Germany has ended EV subsidies after spending €10 billion to support 2 million electric vehicles since 2016, declaring the subsidy program a success. Without these incentives, Germans had little reason to switch to expensive EVs, especially the VWs with their higher price tags.
On top of that, VW faced another obstacle: a shrinking pool of skilled workers. An aging population made it difficult to find the young talent it needed to keep production running smoothly.
It was a perfect storm of challenges.
So what’s left?
Exports?
Well, that didn’t work either.
Take Germany’s trade with China, for example. In the 2010s, trade between the two countries was a win-win situation. Germany sold cars, chemicals, and machinery to China, while China supplied consumer goods, batteries, and electronics in return. But now, China produces most of these locally, at much lower costs. So, VW cars are no longer as competitive in China as they used to be.
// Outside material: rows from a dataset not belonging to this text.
(* Almost surely, for all $1\le k\le\kappa$, $\mathbf w(e_k)\le\frac{2}{k+2}$. In particular $\kappa\le\frac{2n}{\ln n}$.
   Context: Configuration model: $(d_i^-)_{1\le i\le n}$, $(d_i^+)_{1\le i\le n}$ positive integers with $\sum_id_i^-=\sum_id_i^+=m$; each vertex $i\in V=\{1,\dots,n\}$ carries a set $E_i^+$ of $d_i^+$ tails and a set $E_i^-$ of $d_i^-$ heads; $\omega$ is a uniformly random bijection from tails to heads, $\omega(e)=f$ being an arc from the vertex of $e$ to that of $f$. Assume $\min_i\min(d_i^+,d_i^-)\ge2$; $\Delta:=\max_i\max(d_i^+,d_i^-)$, $h=\lfloor\frac{\ln n}{10\ln\Delta}\rfloor$, $t$ a positive integer, $w_{\min}=\frac{\ln n}{n}$. Exploration from a root $i\in V$: initially $\mathcal T=\{i\}$ and all tails/heads unmatched; $\partial_+\mathcal T$ ($\partial_-\mathcal T$) is the set of unmatched tails (heads) whose vertex lies in $\mathcal T$. For $e\in\partial_+\mathcal T$, the height $\mathbf h(e)$ is the number of vertices on the unique directed path in $\mathcal T$ from $i$ to the vertex of $e$ (including it), and the weight $\mathbf w(e)$ is the inverse product of the out-degrees of those vertices. Iterate: select, among $e\in\partial_+\mathcal T$ with $\mathbf h(e)<t-h$ and $\mathbf w(e)>w_{\min}$, one of maximal weight (ties broken by a fixed deterministic order); match it to a uniformly chosen unmatched head $f$; if $f\notin\partial_-\mathcal T$, add arc $ef$ and the vertex of $f$ to $\mathcal T$. Stop when no such tail exists; $\kappa$ is the total number of pairings, and $e_k$ is the tail selected at step $k$ (with $\mathbf w(e_k)$ its weight when selected). *)

theory Defs
  imports Complex_Main
begin

text \<open>Configuration model. Vertices are 0..<n. Tail (i,a) with a < dout i belongs to
  vertex i; head (j,b) with b < din j belongs to vertex j.\<close>

definition tails :: "nat \<Rightarrow> (nat \<Rightarrow> nat) \<Rightarrow> (nat \<times> nat) set" where
  "tails n dout = {(i, a). i < n \<and> a < dout i}"

definition heads :: "nat \<Rightarrow> (nat \<Rightarrow> nat) \<Rightarrow> (nat \<times> nat) set" where
  "heads n din = {(j, b). j < n \<and> b < din j}"

definition Delta :: "nat \<Rightarrow> (nat \<Rightarrow> nat) \<Rightarrow> (nat \<Rightarrow> nat) \<Rightarrow> nat" where
  "Delta n din dout = Max (din ` {..<n} \<union> dout ` {..<n})"

definition hpar :: "nat \<Rightarrow> (nat \<Rightarrow> nat) \<Rightarrow> (nat \<Rightarrow> nat) \<Rightarrow> int" where
  "hpar n din dout = \<lfloor>ln (real n) / (10 * ln (real (Delta n din dout)))\<rfloor>"

definition wmin :: "nat \<Rightarrow> real" where
  "wmin n = ln (real n) / real n"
Even in the US, VW struggled to understand the market. The cars it produced were either too small, too expensive, or both. By the time VW understood what Americans wanted, automakers in Japan and Korea had learned from VW’s mistakes and seized market share.
So yes, with domestic and international sales falling, VW expects to deliver only 9 million cars worldwide this year, down from 9.24 million in 2023.
Perhaps it sees cutting costs as the only way out.
But here’s the thing. Even if it does, it will affect the entire automotive sector. After all, the automotive sector is Germany’s largest, contributing 5% to GDP and employing around 800,000 people – around 40% of whom are at VW.
Cutting costs, even if it means dragging down its own country’s economy, may not help VW get out of its recession.
So the German automotive sector must urgently find a way out, or the inevitable end is not very promising.